Other applications for the company’s technologies, Haro says, include asset tracking, environmental monitoring, container and pallet tracking, predictive maintenance, smart agriculture applications, fleet management, smart buildings, and electrical grid monitoring.

“To give you a sense of how much better Hubble Network is compared to existing satellite providers like Globalstar,” Haro says, “We are 50 times cheaper and have 20 times longer battery life. For example, we can build a Tile device that is locatable anywhere in the world without any cellular reception and lasts for years on a single coin cell battery. This will be a game-changer in the AirTag market for consumers.”

Group shot of man in foreground with two men in background standing around a satellite componentHubble Network chief space officer John Kim (left) and two company engineers perform tests on the company’s signal-sensing satellite technology. Hubble Network

The Hubble Network system—and presumably the enhanced Life360 Tags that should follow today’s announcement—use a lower energy iteration of the familiar Bluetooth wireless protocol.

Like its more famous cousin, Bluetooth Low-Energy (BLE) uses the 2.4 gigahertz band—a globally unlicensed spectrum band that many Wi-Fi routers, microwave ovens, baby monitors, wireless microphones, and other consumer devices also use.

Haro says BLE offered the most compelling, supposedly “short-range” wireless standard for Hubble Network’s purposes. By contrast, he says, the long-range, wide-area network LoRaWAN operates on a communications band, 900 megahertz, that some countries and regions regulate differently from others—making a potentially global standard around it that much more difficult to establish and maintain. Plus, he says, 2.4 GHz antennas can be roughly one-third the size of a standard LoRaWAN antenna, which makes a difference when launching material into space, when every gram matters.

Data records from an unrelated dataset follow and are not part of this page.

(* Let $X\subseteq\mathbb{R}^d$ be a finite set of base points and let $DG$ be the Delaunay graph constructed on $X$. If any single edge $\{u,v\}$ is removed from $DG$ (giving a graph $G'$), then there exists a query $q\in\mathbb{R}^d$ such that the $2$-Neighboring Graph $NG_{2,q}$ of $q$ in $G'$ consists of two isolated vertices (i.e., has no edges).
   Context: Delaunay graph $DG$ on $X$: two points $u,v\in X$ are joined by an edge if and only if there exists a sphere passing through $u$ and $v$ with no other point of $X$ inside it; as a graph index, each undirected edge is treated as a pair of directed edges in both directions, and removing the edge removes both directions. For a query $q$, $N_{i,q}$ denotes the $i$-th nearest neighbour of $q$ in $X$ (with respect to the distance $\delta$). For a directed graph $G=(V,E)$ on $X$, $NG_{S,q}$ is the subgraph of $G$ induced by $\{N_{1,q},\dots,N_{S,q}\}$. *)

theory Defs
  imports "HOL-Analysis.Analysis"
begin

text \<open>Directed graphs on a point set are represented by their set of directed edges.
  Points live in an arbitrary Euclidean space 'a (playing the role of R^d), with the
  Euclidean distance dist.\<close>

definition delaunay_graph :: "'a::euclidean_space set \<Rightarrow> ('a \<times> 'a) set" where
  "delaunay_graph X = {(u, v). u \<in> X \<and> v \<in> X \<and> u \<noteq> v \<and>
      (\<exists>c r. dist c u = r \<and> dist c v = r \<and> (\<forall>w \<in> X - {u, v}. r < dist c w))}"

definition remove_edge :: "('a \<times> 'a) set \<Rightarrow> 'a \<Rightarrow> 'a \<Rightarrow> ('a \<times> 'a) set" where
  "remove_edge E u v = E - {(u, v), (v, u)}"

definition nearest_set :: "'a::euclidean_space set \<Rightarrow> 'a \<Rightarrow> nat \<Rightarrow> 'a set \<Rightarrow> bool" where
  "nearest_set X q k S \<longleftrightarrow> S \<subseteq> X \<and> card S = k \<and>
      (\<forall>s \<in> S. \<forall>w \<in> X - S. dist q s < dist q w)"

definition induced_subgraph :: "('a \<times> 'a) set \<Rightarrow> 'a set \<Rightarrow> ('a \<times> 'a) set" where
  "induced_subgraph E S = E \<inter> (S \<times> S)"

end

theory Submission
  imports Defs
begin

text \<open>The centre of an empty sphere through u and v is a query whose two nearest neighbours
  are exactly u and v. The Delaunay graph has no loops, so once the edge between u and v is
  removed, the subgraph induced on {u, v} has no edges left.\<close>

lemma delaunay_graph_irrefl: "(x, x) \<notin> delaunay_graph X"
  unfolding delaunay_graph_def by simp

lemma induced_subgraph_remove_edge_empty:
  assumes "\<And>x. (x, x) \<notin> E"
  shows "induced_subgraph (remove_edge E u v) {u, v} = {}"
  using assms unfolding induced_subgraph_def remove_edge_def by auto

lemma delaunay_edge_nearest_pair:
  assumes "(u, v) \<in> delaunay_graph X"
  shows "\<exists>q. nearest_set X q 2 {u, v}"
proof -
  obtain c r where "u \<in> X" "v \<in> X" "u \<noteq> v" "dist c u = r" "dist c v = r"
    and "\<forall>w \<in> X - {u, v}. r < dist c w"
    using assms unfolding delaunay_graph_def by blast
  then have "nearest_set X c 2 {u, v}"
    unfolding nearest_set_def by auto
  then show ?thesis ..
qed

theorem theorem4p3:
  fixes X :: "'a::euclidean_space set" and u v :: 'a
  assumes "finite X"
    and "(u, v) \<in> delaunay_graph X"
  shows "\<exists>q S. nearest_set X q 2 S \<and>
           induced_subgraph (remove_edge (delaunay_graph X) u v) S = {}"
proof -
  obtain q where "nearest_set X q 2 {u, v}"
    using delaunay_edge_nearest_pair [OF assms(2)] ..
  moreover have "induced_subgraph (remove_edge (delaunay_graph X) u v) {u, v} = {}"
    using delaunay_graph_irrefl by (rule induced_subgraph_remove_edge_empty)
  ultimately show ?thesis by blast
qed

end
text \<open>A finite automaton with states below P moves by g
  from state ph n to ph (n + 1); a vector Y n of length d is multiplied at each step by the
  matrix T (ph n) of the current state, and the sequence reads a n off Y n through the output
  vector out (ph n).  Stacking the P blocks turns this into a single linear recurrence of size
  P*d with entries in S.\<close>

lemma automaton_rational:
  fixes S :: "'a::comm_semiring_1 set" and P d :: nat
  assumes "0 \<in> S" and "0 < P" "0 < d"
    and state_bound: "\<And>n. ph n < P" and state_step: "\<And>n. ph (Suc n) = g (ph n)"
    and vec_step: "\<And>n r'. r' < d \<Longrightarrow> Y (Suc n) r' = (\<Sum>r<d. Y n r * T (ph n) r r')"
    and init_S: "\<And>r. r < d \<Longrightarrow> Y 0 r \<in> S"
    and trans_S: "\<And>p r r'. p < P \<Longrightarrow> r < d \<Longrightarrow> r' < d \<Longrightarrow> T p r r' \<in> S"
    and out_S: "\<And>p r. p < P \<Longrightarrow> r < d \<Longrightarrow> out p r \<in> S"
    and readout: "\<And>n. a n = (\<Sum>r<d. Y n r * out (ph n) r)"
  shows "rational_seq S a"
proof -
  define R where "R = P * d"
  define lam0 where "lam0 = block_vec d (ph 0) (Y 0)"
  define M where "M = block_mat P d g T"
  define gam where "gam k = out (k div d) (k mod d)" for k
  have row: "(\<Sum>i<R. lam0 i * matpow R M n i k) = block_vec d (ph n) (Y n) k" if "k < R" for n k
    using that
  proof (induction n arbitrary: k)
    case 0
    have "(\<Sum>i<R. lam0 i * matpow R M 0 i k) = (\<Sum>i<R. if i = k then lam0 i else 0)"
      by (rule sum.cong) auto
    also have "\<dots> = block_vec d (ph 0) (Y 0) k"
      using 0 by (simp add: lam0_def)
    finally show ?case .
  next
    case (Suc n)
    have "(\<Sum>i<R. lam0 i * matpow R M (Suc n) i k) = (\<Sum>k'<R. block_vec d (ph n) (Y n) k' * M k' k)"
      unfolding row_matpow_Suc by (rule sum.cong) (simp_all add: Suc.IH)
    also have "\<dots> = block_vec d (ph (Suc n)) (Y (Suc n)) k"
      unfolding M_def R_def block_vec_times_block_mat[OF state_bound \<open>0 < d\<close>]
      using \<open>0 < d\<close> by (simp add: block_vec_def vec_step state_step)
    finally show ?case .
  qed
  have rep: "a n = (\<Sum>i<R. \<Sum>j<R. lam0 i * matpow R M n i j * gam j)" for n
  proof -
    have "(\<Sum>i<R. \<Sum>j<R. lam0 i * matpow R M n i j * gam j)
        = (\<Sum>j<R. (\<Sum>i<R. lam0 i * matpow R M n i j) * gam j)"
      by (subst sum.swap) (simp add: sum_distrib_right)
    also have "\<dots> = (\<Sum>j<R. block_vec d (ph n) (Y n) j * gam j)"
      by (rule sum.cong) (simp_all add: row)
    also have "\<dots> = (\<Sum>r<d. Y n r * gam (ph n * d + r))"
      unfolding R_def by (rule block_vec_dot[OF state_bound \<open>0 < d\<close>])
    also have "\<dots> = a n"
      unfolding readout gam_def by (rule sum.cong) simp_all
    finally show ?thesis by simp
  qed
  have div_bound: "k div d < P" if "k < R" for k
    using that \<open>0 < d\<close> by (simp add: R_def less_mult_imp_div_less)
  show ?thesis
    unfolding rational_seq_def
  proof (intro exI conjI allI impI)
    show "1 \<le> R" using \<open>0 < P\<close> \<open>0 < d\<close> by (simp add: R_def)
    show "lam0 i \<in> S" for i using init_S \<open>0 \<in> S\<close> \<open>0 < d\<close> by (simp add: lam0_def block_vec_def)
    show "M i j \<in> S" if "i < R" for i j
      using trans_S \<open>0 \<in> S\<close> \<open>0 < d\<close> div_bound[OF that] by (simp add: M_def block_mat_def)
    show "gam j \<in> S" if "j < R" for j
      using out_S \<open>0 < d\<close> div_bound[OF that] by (simp add: gam_def)
    show "a n = (\<Sum>i<R. \<Sum>j<R. lam0 i * matpow R M n i j * gam j)" for n by (rule rep)
  qed
qed

fun mat_over :: "'a set \<Rightarrow> 'a mat2 \<Rightarrow> bool" where
  "mat_over S (a, b, c, d) \<longleftrightarrow> a \<in> S \<and> b \<in> S \<and> c \<in> S \<and> d \<in> S"

lemma mat_mult_Kset: "mat_over (Kset m) A \<Longrightarrow> mat_over (Kset m) B \<Longrightarrow> mat_over (Kset m) (mat_mult A B)"
  by (cases A; cases B) (simp add: Kset_add Kset_mult)

fun mat_entry :: "'a mat2 \<Rightarrow> nat \<Rightarrow> 'a" where
  "mat_entry (a, b, c, d) r = (if r = 0 then a else if r = 1 then b else if r = 2 then c else d)"

lemma mat_entry_Kset: "mat_over (Kset m) A \<Longrightarrow> mat_entry A r \<in> Kset m"
  by (cases A) auto

lemma sum_less_four: "(\<Sum>r<(4::nat). f r) = f 0 + f 1 + f 2 + (f 3 :: 'a::comm_monoid_add)"
proof -
  have "{..<4::nat} = {0, 1, 2, 3}" by auto
  then show ?thesis by (simp add: ac_simps)
qed

lemma mat_entry_sandwich:
  assumes "r' < 4"
  shows "mat_entry (mat_mult A (mat_mult P B)) r'
       = (\<Sum>r<4. mat_entry P r * (mat_entry A (2 * (r' div 2) + r div 2) * mat_entry B (2 * (r mod 2) + r' mod 2)))"
proof -
  have "r' = 0 \<or> r' = 1 \<or> r' = 2 \<or> r' = 3" using assms by auto
  then show ?thesis
    unfolding sum_less_four by (cases A; cases P; cases B) (auto simp: algebra_simps)
qed

section \<open>The periodic matrix model of the frieze\<close>

lemma periodic_mod:
  fixes c :: int
  assumes "\<And>i. f (i + c) = f i"
  shows "f i = f (i mod c)"
proof -
  have "f (x + c * k) = f x" for x k
  proof (induction k rule: int_induct[of _ 0])
    case (step1 k) then show ?case using assms[of "x + c * k"] by (simp add: algebra_simps)
  next
    case (step2 k) then show ?case using assms[of "x + c * (k - 1)"] by (simp add: algebra_simps)
  qed simp
  from this[of "i mod c" "i div c"] show ?thesis by simp
qed

locale periodic_cycle =
  fixes m :: nat and ori :: "nat \<Rightarrow> bool"
begin

text \<open>The period N = m + 1 and the orientation extended periodically to the integers:
  fwd k says that the edge {k, k+1} is oriented k -> k+1.  The variables are extended
  periodically in the same way.\<close>

definition N :: int where "N = int m + 1"

lemma N_pos: "N > 0"
  by (simp add: N_def)

definition fwd :: "int \<Rightarrow> bool" where "fwd k = ori (nat (k mod N))"
definition x_at :: "int \<Rightarrow> laurent" where "x_at k = zvar (nat (k mod N))"
definition y_at :: "int \<Rightarrow> laurent" where "y_at k = zinv (nat (k mod N))"

lemma x_y_at: "x_at k * y_at k = 1"
  by (simp add: x_at_def y_at_def zvar_zinv)

lemma fwd_periodic: "fwd (k + N) = fwd k"
  by (simp add: fwd_def)

lemma x_at_periodic: "x_at (k + N) = x_at k"
  by (simp add: x_at_def)

lemma y_at_periodic: "y_at (k + N) = y_at k"
  by (simp add: y_at_def)

lemma fwd_nat: "k \<le> m \<Longrightarrow> fwd (int k) = ori k"
  by (simp add: fwd_def N_def)

lemma x_at_Kset: "x_at k \<in> Kset m"
  using pos_mod_bound[of "int m + 1" k] by (simp add: x_at_def N_def zvar_Kset nat_le_iff)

Haro says that Hubble Network’s technology does require changing the sending device’s software in order to communicate with a BLE receiver satellite in orbit. And it doesn’t require any hardware modifications of the device, save one—adding a standard BLE antenna. “This is the first time that a Bluetooth chip can send data from the ground to a satellite in orbit,” Haro says. “We require the Hubble software stack loaded onto the chip to make this possible, but no physical modifications are needed. Off-the-shelf BLE chips are now capable of communicating directly with LEO satellites.”

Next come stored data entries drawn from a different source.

(* Let $\mathfrak{T}$ be a triangulation of the strip and $t=\Phi(\mathfrak{T})$. For $j\in\mathbb{Z}$ let $\gamma_j$ be the number of triangles of $\mathfrak{T}$ incident with the vertex $j^\circ$, i.e. $\gamma_j=1+\#\{\text{arcs of }\mathfrak{T}\text{ with endpoint } j^\circ\}$. Then for all $j,a\in\mathbb{Z}$, $t_{j-1,a}+t_{j+1,a}=\gamma_j\,t_{ja}$, and moreover $\gamma_j=c_{j-1,j+1}$.
   Context: Vertices of the strip: two disjoint copies of $\mathbb{Z}$, written $\mathbb{Z}^\circ=\{p^\circ: p\in\mathbb{Z}\}$ (upper edge) and $\mathbb{Z}_\circ=\{q_\circ : q\in\mathbb{Z}\}$ (lower edge); $p^\circ$ is the point $(-p,1)$ and $q_\circ$ the point $(q,-1)$ of $\mathbb{R}\times[-1,1]$. A connecting arc is a pair $(p^\circ,q_\circ)$; an internal arc is a pair $(p^\circ,q^\circ)$ or $(p_\circ,q_\circ)$ with $p\le q-2$. Two distinct arcs cross exactly in the following cases: connecting arcs $(p^\circ,q_\circ),(p'^\circ,q'_\circ)$ cross iff $(p-p')(q-q')>0$; internal arcs $(a^\circ,b^\circ),(c^\circ,d^\circ)$ cross iff $a<c<b<d$ or $c<a<d<b$ (same for lower internal arcs); $(a^\circ,b^\circ)$ crosses $(p^\circ,q_\circ)$ iff $a<p<b$; $(a_\circ,b_\circ)$ crosses $(p^\circ,q_\circ)$ iff $a<q<b$; upper and lower internal arcs never cross. A triangulation of the strip is a maximal set $\mathfrak{T}$ of pairwise non-crossing arcs such that for every $(i,j)\in\mathbb{Z}^2$ there are $(p^\circ,q_\circ),(p'^\circ,q'_\circ)\in\mathfrak{T}$ with $p<i,\ q>j$ and $p'>i,\ q'<j$. Friese numbers: for a convex polygon with vertices $v_0,\dots,v_n$ in cyclic order and triangulation $\mathcal{X}$, with $a_l$ the number of triangles at $v_l$, set $\mathcal{X}(v_k,v_l)=m_k(l)$ where $m_k(k)=0$, $m_k(k+1)=1$, $m_k(l+1)=a_lm_k(l)-m_k(l-1)$ (indices mod $n+1$). $\Phi(\mathfrak{T})_{ij}$: choose $(p^\circ,q_\circ),(r^\circ,s_\circ)\in\mathfrak{T}$ with $p<i<r$, $s<j<q$, let $P$ be the polygon with vertices in cyclic order $p^\circ,\dots,r^\circ,s_\circ,\dots,q_\circ$, $\mathfrak{T}_P$ the triangulation of $P$ by the arcs of $\mathfrak{T}$ that are diagonals of $P$, and set $\Phi(\mathfrak{T})_{ij}=\mathfrak{T}_P(i^\circ,j_\circ)$. For an $\mathrm{SL}_2$-tiling $t$ and $i<j$, $c_{ij}=t_{ia}t_{j,a+1}-t_{i,a+1}t_{ja}$ for any integer $a$ (independent of $a$). *)

theory Defs
  imports Main
begin
lemma card_crossing_two_classes:
  assumes "W \<subseteq> V" "proper W c" "\<forall>u\<in>W. c u < Suc k" "a < Suc k" "b < Suc k" "a \<noteq> b"
  shows "card {u\<in>W. (c u = a \<or> c u = b) \<and> crosses W m u} + deletion_bound k
    \<le> deletion_bound (Suc k)"
proof -
  define D where "D i = {u\<in>W. c u = i \<and> crosses W m u}" for i
  have finite_W: "finite W" using assms(1) finite_V finite_subset by blast
  have D_ab: "{u\<in>W. (c u = a \<or> c u = b) \<and> crosses W m u} = D a \<union> D b" unfolding D_def by blast
  obtain k' where k: "k = Suc k'" using assms(4-6) by (cases k) auto
  show ?thesis
  proof (cases "k' = 0")
    case True
    then have "\<forall>u\<in>W. c u < 2" using assms(3) k by (simp add: numeral_2_eq_2)
    then have "\<forall>x\<in>D a \<union> D b. \<forall>y\<in>D a \<union> D b. x = y"
      using crossing_unique_two_colors[OF assms(1,2)] unfolding D_def by blast
    then have "card (D a \<union> D b) \<le> Suc 0"
      using finite_W card_le_Suc0_iff_eq[of "D a \<union> D b"] unfolding D_def by auto
    then show ?thesis using True k D_ab by (simp add: deletion_bound_Suc_Suc)
  next
    case False
    have D_le: "card (D i) \<le> 1" for i
    proof -
      have "\<forall>x\<in>D i. \<forall>y\<in>D i. x = y" using crossing_unique[OF assms(1,2)] unfolding D_def by blast
      then show ?thesis using finite_W card_le_Suc0_iff_eq[of "D i"] unfolding D_def by auto
    qed
    then have "card (D a \<union> D b) \<le> 2"
      using card_Un_le[of "D a" "D b"] D_le[of a] D_le[of b] by linarith
    then show ?thesis using False k D_ab by (simp add: deletion_bound_Suc_Suc)
  qed
qed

“We believe this is comparable to when GPS was first made available for public use,” Haro adds. “It was a groundbreaking moment in technology history that significantly impacted everyday users in ways previously unavailable.”

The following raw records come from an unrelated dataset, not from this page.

lemma sum_sum_swap_mult:
  "(\<Sum>j\<in>S. d j * (\<Sum>k\<in>T. F j k * G k)) = (\<Sum>k\<in>T. (\<Sum>j\<in>S. d j * F j k) * G k)"
  for d :: "'b \<Rightarrow> 'a::comm_semiring_0"
proof -
  have "(\<Sum>j\<in>S. d j * (\<Sum>k\<in>T. F j k * G k)) = (\<Sum>j\<in>S. \<Sum>k\<in>T. d j * F j k * G k)"
    by (simp add: sum_distrib_left mult.assoc)
  also have "\<dots> = (\<Sum>k\<in>T. \<Sum>j\<in>S. d j * F j k * G k)" by (rule sum.swap)
  finally show ?thesis by (simp add: sum_distrib_right)
qed

(* Pigeonhole: c \<mapsto> (\<Sum>j\<in>S. c j * F j k)\<^sub>k is injective on coefficient vectors
   supported on an independent S, so q^card S <= q^card T. *)
lemma rk_le_card_if_combinations:
  fixes x G :: "nat \<Rightarrow> nat \<Rightarrow> 'a::{field,finite}"
  assumes "finite T" and comb: "\<And>j i. j < n \<Longrightarrow> i < m \<Longrightarrow> x j i = (\<Sum>k\<in>T. F j k * G k i)"
  shows "rk m n x \<le> card T"
proof (rule rk_leI)
  fix S assume S: "S \<subseteq> {..<n}" "coords_indep m x S"
  have "finite S" using S(1) finite_subset by blast
  define coeffs where "coeffs c = (\<lambda>k. if k \<in> T then \<Sum>j\<in>S. c j * F j k else 0)" for c :: "nat \<Rightarrow> 'a"
  have "inj_on coeffs (zero_outside S)"
  proof (rule inj_onI)
    fix c c' assume c: "c \<in> zero_outside S" "c' \<in> zero_outside S" and eq: "coeffs c = coeffs c'"
    have "(\<Sum>j\<in>S. (c j - c' j) * x j i) = 0" if "i < m" for i
    proof -
      have "(\<Sum>j\<in>S. (c j - c' j) * x j i) = (\<Sum>j\<in>S. (c j - c' j) * (\<Sum>k\<in>T. F j k * G k i))"
        using S(1) that comb by (intro sum.cong) auto
      also have "\<dots> = (\<Sum>k\<in>T. (coeffs c k - coeffs c' k) * G k i)"
        unfolding sum_sum_swap_mult by (simp add: coeffs_def left_diff_distrib sum_subtractf)
      finally show ?thesis using eq by simp
    qed
    then have "c j - c' j = 0" if "j \<in> S" for j
      by (rule coords_indepD[OF S(2) _ that])
    then show "c = c'"
      using c by (fastforce simp: zero_outside_def fun_eq_iff)
  qed
  moreover have "coeffs ` zero_outside S \<subseteq> zero_outside T"
    by (auto simp: coeffs_def zero_outside_def)
  ultimately have "card (zero_outside S :: (nat \<Rightarrow> 'a) set) \<le> card (zero_outside T :: (nat \<Rightarrow> 'a) set)"
    by (rule card_inj_on_le[OF _ _ finite_zero_outside[OF assms(1)]])
  then have "CARD('a) ^ card S \<le> CARD('a) ^ card T"
    by (simp add: card_zero_outside \<open>finite S\<close> assms(1))
  moreover have "1 < CARD('a)" using card_field_ge_2[where 'a='a] by linarith
  ultimately show "card S \<le> card T" by (metis power_le_imp_le_exp)
qed

section \<open>Size of rank balls\<close>

definition rank_ball :: "nat \<Rightarrow> nat \<Rightarrow> nat \<Rightarrow> (nat \<Rightarrow> nat \<Rightarrow> 'a::field) set" where
  "rank_ball m n r = {x \<in> words m n. rk m n x \<le> r}"

lemma finite_rank_ball: "finite (rank_ball m n r :: (nat \<Rightarrow> nat \<Rightarrow> 'a::{field,finite}) set)"
  unfolding rank_ball_def by (rule finite_subset[OF _ finite_words]) auto

definition spanned_word ::
  "nat \<Rightarrow> nat \<Rightarrow> nat set \<Rightarrow> (nat \<Rightarrow> nat \<Rightarrow> 'a::field) \<Rightarrow> (nat \<Rightarrow> nat \<Rightarrow> 'a) \<Rightarrow> nat \<Rightarrow> nat \<Rightarrow> 'a"
  where
  "spanned_word m n S g f =
     (\<lambda>j i. if j \<in> S then g j i else if j < n \<and> i < m then \<Sum>k\<in>S. f j k * g k i else 0)"

lemma spanned_word_in_words:
  assumes "S \<subseteq> {..<n}" "g \<in> matrices_on (S \<times> {..<m})"
  shows "spanned_word m n S g f \<in> words m n"
  using assms by (auto simp: spanned_word_def words_def matrices_on_def)

lemma rk_spanned_word_le:
  fixes g f :: "nat \<Rightarrow> nat \<Rightarrow> 'a::{field,finite}"
  assumes "finite S"
  shows "rk m n (spanned_word m n S g f) \<le> card S"
proof (rule rk_le_card_if_combinations[OF assms,
      where F = "\<lambda>j k. if j \<in> S then (if k = j then 1 else 0) else f j k" and G = g])
  fix j i assume "j < n" "i < m"
  then show "spanned_word m n S g f j i =
      (\<Sum>k\<in>S. (if j \<in> S then (if k = j then 1 else 0) else f j k) * g k i)"
    using assms by (simp add: spanned_word_def if_distrib[of "\<lambda>c. c * _"] sum.delta cong: if_cong)
qed

lemma coord_basis_exists:
  fixes x :: "nat \<Rightarrow> nat \<Rightarrow> 'a::field"
  obtains S a where "S \<subseteq> {..<n}" "coords_indep m x S" "card S = rk m n x"
    "\<And>j i. j \<in> {..<n} - S \<Longrightarrow> i < m \<Longrightarrow> x j i = (\<Sum>k\<in>S. a j k * x k i)"
proof -
  obtain S where S: "S \<subseteq> {..<n}" "coords_indep m x S" "card S = rk m n x" by (rule rk_attained)
  have "finite S" using S(1) finite_subset by blast
  have "\<forall>j\<in>{..<n} - S. \<exists>a. \<forall>i<m. x j i = (\<Sum>k\<in>S. a k * x k i)"
  proof (rule ballI, rule ccontr)
    fix j assume j: "j \<in> {..<n} - S" and "\<nexists>a. \<forall>i<m. x j i = (\<Sum>k\<in>S. a k * x k i)"
    then have "coords_indep m x (insert j S)"
      using coords_indep_insert[OF \<open>finite S\<close> S(2)] by blast
    then have "card (insert j S) \<le> rk m n x" using S(1) j by (intro card_le_rk) auto
    then show False using S(3) \<open>finite S\<close> j by simp
  qed
  from bchoice[OF this] obtain a
    where "\<forall>j\<in>{..<n} - S. \<forall>i<m. x j i = (\<Sum>k\<in>S. a j k * x k i)" ..
  with S that show ?thesis by blast
qed

definition spanned_words :: "nat \<Rightarrow> nat \<Rightarrow> nat set \<Rightarrow> (nat \<Rightarrow> nat \<Rightarrow> 'a::field) set" where
  "spanned_words m n S = case_prod (spanned_word m n S) `
     (matrices_on (S \<times> {..<m}) \<times> matrices_on (({..<n} - S) \<times> S))"

lemma finite_spanned_words:
  "finite S \<Longrightarrow> finite (spanned_words m n S :: (nat \<Rightarrow> nat \<Rightarrow> 'a::{field,finite}) set)"
  by (simp add: spanned_words_def finite_matrices_on)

What remains, of course, is the next hardest part: Launching all of the satellites needed to create a globally available tracking network. As to whether other companies or countries will be developing their own competitor technologies, now that Bluetooth has been revealed to have long-range communication capabilities, Haro did not speculate beyond what he envisions for his own company’s LEO ambitions.

“We currently have our first two satellites in orbit as of 4 March,” Haro says. “We plan to continue launching more satellites, aiming to have 32 in orbit by early 2026. Our pilot customers are already updating and testing their devices on our network, and we will continue to scale our constellation over the next 3 to 5 years.”